▸ The task
Copy exactly, please, each line of the data below until the line that contains "(edges G)) \<and>" has been copied, beginning at the top.

BEGIN Extracted records

definition degree_two_balanced :: "'a graph \<Rightarrow> bool" where
  "degree_two_balanced G \<longleftrightarrow> simple_graph G \<and>
     (\<forall>e\<in>edges G. \<exists>x\<in>e. deg G x = 2) \<and>
     (\<Sum>e\<in>edges G. edge_deg_sum G e) = 4 * real (card (edges G)) \<and>
     (\<exists>e\<in>edges G. \<exists>x\<in>e. deg G x \<noteq> 2)"

lemma prod_and_sum_squares_doubleton:
  fixes d :: "'a \<Rightarrow> real"
  assumes "u \<noteq> v" "d u = 2 \<or> d v = 2"
  shows "(\<Prod>x\<in>{u, v}. d x) = 2 * ((\<Sum>x\<in>{u, v}. d x) - 2)"
    and "(\<Sum>x\<in>{u, v}. (d x)\<^sup>2) = 4 + ((\<Sum>x\<in>{u, v}. d x) - 2)\<^sup>2"
  using assms by (auto simp: power2_eq_square)

context
  fixes G :: "'a graph"
  assumes G: "degree_two_balanced G"
begin

private lemma simple: "simple_graph G"
  using G unfolding degree_two_balanced_def by blast

private lemma edge_sum: "(\<Sum>e\<in>edges G. edge_deg_sum G e) = 4 * real (card (edges G))"
  using G unfolding degree_two_balanced_def by blast

lemma degree_two_balanced_edge_identities:
  assumes e: "e \<in> edges G"
  shows "(\<Prod>x\<in>e. real (deg G x)) = 2 * (edge_deg_sum G e - 2)"
    and "(\<Sum>x\<in>e. (real (deg G x))\<^sup>2) = 4 + (edge_deg_sum G e - 2)\<^sup>2"
proof -
  obtain a b where "a \<noteq> b" "e = {a, b}"
    using simple_graph_edgeE[OF simple e] by metis
  moreover have "\<exists>x\<in>e. deg G x = 2"
    using G e unfolding degree_two_balanced_def by blast
  ultimately show "(\<Prod>x\<in>e. real (deg G x)) = 2 * (edge_deg_sum G e - 2)"
    and "(\<Sum>x\<in>e. (real (deg G x))\<^sup>2) = 4 + (edge_deg_sum G e - 2)\<^sup>2"
    using prod_and_sum_squares_doubleton[of a b "\<lambda>x. real (deg G x)"] by auto
qed

lemma degree_two_balanced_irregular_edge: "\<exists>e\<in>edges G. edge_deg_sum G e \<noteq> 4"
proof -
  obtain e x where e: "e \<in> edges G" "x \<in> e" "deg G x \<noteq> 2"
    using G unfolding degree_two_balanced_def by blast
  obtain a b where "a \<noteq> b" "e = {a, b}"
    using simple_graph_edgeE[OF simple e(1)] by metis
  moreover have "\<exists>y\<in>e. deg G y = 2"
    using G e(1) unfolding degree_two_balanced_def by blast
  ultimately have "edge_deg_sum G e \<noteq> 4"
    using e(2,3) by auto
  then show ?thesis
    using e(1) by blast
qed

lemma degree_two_balanced_card_edges_pos: "card (edges G) > 0"
  using degree_two_balanced_irregular_edge simple_graph_finite_edges[OF simple]
  by (auto simp: card_gt_0_iff)

lemma degree_two_balanced_assort_mean: "assort_mean G = 2"
proof -
  have "assort_mean G = (1 / card (edges G)) * ((1/2) * (\<Sum>e\<in>edges G. edge_deg_sum G e))"
    unfolding assort_mean_def by (simp add: sum_distrib_left)
  then show ?thesis
    using edge_sum degree_two_balanced_card_edges_pos by simp
qed

lemma degree_two_balanced_assort_num: "assort_num G = 0"
proof -
  have "(\<Sum>e\<in>edges G. \<Prod>x\<in>e. real (deg G x)) = (\<Sum>e\<in>edges G. 2 * (edge_deg_sum G e - 2))"
    using degree_two_balanced_edge_identities by simp
  also have "\<dots> = 4 * real (card (edges G))"
    using edge_sum by (simp add: sum_distrib_left[symmetric] sum_subtractf)
  finally show ?thesis
    using degree_two_balanced_card_edges_pos
    unfolding assort_num_def degree_two_balanced_assort_mean by simp
qed

lemma degree_two_balanced_assort_den:
  "assort_den G = (\<Sum>e\<in>edges G. (edge_deg_sum G e - 4)\<^sup>2) / (2 * real (card (edges G)))"
proof -
  define m where "m = real (card (edges G))"
  have "(\<Sum>e\<in>edges G. (1/2) * (\<Sum>x\<in>e. (real (deg G x))\<^sup>2)) =
      (\<Sum>e\<in>edges G. (1/2) * (edge_deg_sum G e - 4)\<^sup>2 + 2 * (edge_deg_sum G e - 2))"
  proof (rule sum.cong[OF refl])
    fix e assume "e \<in> edges G"
    then have "(\<Sum>x\<in>e. (real (deg G x))\<^sup>2) = 4 + (edge_deg_sum G e - 2)\<^sup>2"
      by (rule degree_two_balanced_edge_identities)
    then show "(1/2) * (\<Sum>x\<in>e. (real (deg G x))\<^sup>2) =
        (1/2) * (edge_deg_sum G e - 4)\<^sup>2 + 2 * (edge_deg_sum G e - 2)"
      by (simp add: power2_eq_square algebra_simps)
  qed
  also have "\<dots> = (1/2) * (\<Sum>e\<in>edges G. (edge_deg_sum G e - 4)\<^sup>2) + 4 * m"
    using edge_sum by (simp add: sum.distrib sum_subtractf sum_distrib_left[symmetric]
        sum_divide_distrib[symmetric] m_def)
  finally have "assort_den G =
      (1 / m) * ((1/2) * (\<Sum>e\<in>edges G. (edge_deg_sum G e - 4)\<^sup>2) + 4 * m) - 2\<^sup>2"
    unfolding assort_den_def degree_two_balanced_assort_mean m_def by simp
  also have "\<dots> = (\<Sum>e\<in>edges G. (edge_deg_sum G e - 4)\<^sup>2) / (2 * m)"
    using degree_two_balanced_card_edges_pos by (simp add: m_def field_simps)
  finally show ?thesis
    unfolding m_def .
qed

lemma degree_two_balanced_neutral: "neutral G"
proof -
  obtain e0 where e0: "e0 \<in> edges G" "edge_deg_sum G e0 \<noteq> 4"
    using degree_two_balanced_irregular_edge by blast
  have "(edge_deg_sum G e0 - 4)\<^sup>2 \<le> (\<Sum>e\<in>edges G. (edge_deg_sum G e - 4)\<^sup>2)"
    using simple_graph_finite_edges[OF simple] e0(1) by (intro member_le_sum) auto
  with e0(2) have "(\<Sum>e\<in>edges G. (edge_deg_sum G e - 4)\<^sup>2) > 0"
    by (smt (verit) zero_less_power2)
  then have "assort_den G > 0"
    using degree_two_balanced_card_edges_pos by (simp add: degree_two_balanced_assort_den)
  then show ?thesis
    using degree_two_balanced_card_edges_pos degree_two_balanced_assort_num
    unfolding neutral_def assortativity_def by simp
qed

end

locale edge_division =
  fixes G H :: "'a graph" and u v w :: 'a
  assumes simple: "simple_graph G"
    and distinct_ends: "u \<noteq> v"
    and divided_edge: "{u, v} \<in> edges G"
    and fresh: "w \<notin> verts G"
    and verts_H: "verts H = insert w (verts G)"
    and edges_H: "edges H = insert {u, w} (insert {w, v} (edges G - {{u, v}}))"

lemma single_edge_divisionE:
  assumes "simple_graph G" "single_edge_division G H"
  obtains u v w where "edge_division G H u v w"
  using assms unfolding single_edge_division_def edge_division_def by blast

context edge_division
begin

lemma ends_in_verts: "u \<in> verts G" "v \<in> verts G"
  using simple_graph_edge_subset[OF simple divided_edge] by auto

lemma fresh_ne: "u \<noteq> w" "v \<noteq> w"
  using ends_in_verts fresh by auto

lemma fresh_notin_edge: "e \<in> edges G \<Longrightarrow> w \<notin> e"
  using simple_graph_edge_subset[OF simple] fresh by blast

lemma new_edges_distinct: "{u, w} \<noteq> {w, v}"
  using distinct_ends fresh_ne by (auto simp: doubleton_eq_iff)

lemma simple_H: "simple_graph H"
  using simple ends_in_verts fresh_ne
  unfolding simple_graph_def verts_H edges_H by (auto 0 3)
(* Let $(V,E,c,p)$ be a PCSTP instance and $v_i,v_j\in V$. If $$p(v_i) > d^-_{pc}(v_i,v_j),$$ then every optimal solution that contains $v_j$ also contains $v_i$.
   Context: A PCSTP instance $(V,E,c,p)$: finite undirected connected graph $G=(V,E)$, $c:E\to\mathbb{Q}_{>0}$, $p:V\to\mathbb{Q}_{\ge0}$. For a tree $S\subseteq G$ (connected acyclic subgraph with at least one vertex), $C(S):=\sum_{e\in E(S)}c(e)+\sum_{v\in V\setminus V(S)}p(v)$; an optimal solution is a tree minimizing $C$. $T_p:=\{v\in V:p(v)>0\}$. A prize-constrained $(v_i,v_j)$-walk is a finite walk $W=(v_{i_1},e_{i_1},\dots,e_{i_{r-1}},v_{i_r})$ with $v_{i_1}=v_i$, $v_{i_r}=v_j$ in which no vertex of $T_p\cup\{v_i,v_j\}$ occurs more than once. $V(W),E(W)$ are its vertex and edge sets; for $1\le k\le r$, $W[1,k]$ is the initial subwalk $(v_{i_1},\dots,v_{i_k})$. For a walk $W$ from $a$ to $b$, $c_{pc}(W):=\sum_{e\in E(W)}c(e)-\sum_{v\in V(W)\setminus\{a,b\}}p(v)$. The left-rooted prize-constrained length is $l^-_{pc}(W):=\max\{c_{pc}(W[1,k]): 1\le k\le r,\ v_{i_k}\in T_p\cup\{v_j\}\}$, and the left-rooted prize-constrained distance is $d^-_{pc}(v_i,v_j):=\inf\{l^-_{pc}(W): W\text{ a prize-constrained }(v_i,v_j)\text{-walk}\}$ (not symmetric in general). *)

theory Defs
  imports Complex_Main
begin

definition is_walk :: "'a set set \<Rightarrow> 'a list \<Rightarrow> bool" where
  "is_walk E ws \<longleftrightarrow> ws \<noteq> [] \<and> (\<forall>k. Suc k < length ws \<longrightarrow> {ws ! k, ws ! Suc k} \<in> E)"

definition walk_edges :: "'a list \<Rightarrow> 'a set set" where
  "walk_edges ws = {{ws ! k, ws ! Suc k} | k. Suc k < length ws}"

definition connected_graph :: "'a set \<Rightarrow> 'a set set \<Rightarrow> bool" where
  "connected_graph V E \<longleftrightarrow>
     (\<forall>u\<in>V. \<forall>v\<in>V. \<exists>ws. is_walk E ws \<and> set ws \<subseteq> V \<and> hd ws = u \<and> last ws = v)"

END Extracted records

▸ Solution to this exercise
definition degree_two_balanced :: "'a graph \<Rightarrow> bool" where
  "degree_two_balanced G \<longleftrightarrow> simple_graph G \<and>
     (\<forall>e\<in>edges G. \<exists>x\<in>e. deg G x = 2) \<and>
     (\<Sum>e\<in>edges G. edge_deg_sum G e) = 4 * real (card (edges G)) \<and>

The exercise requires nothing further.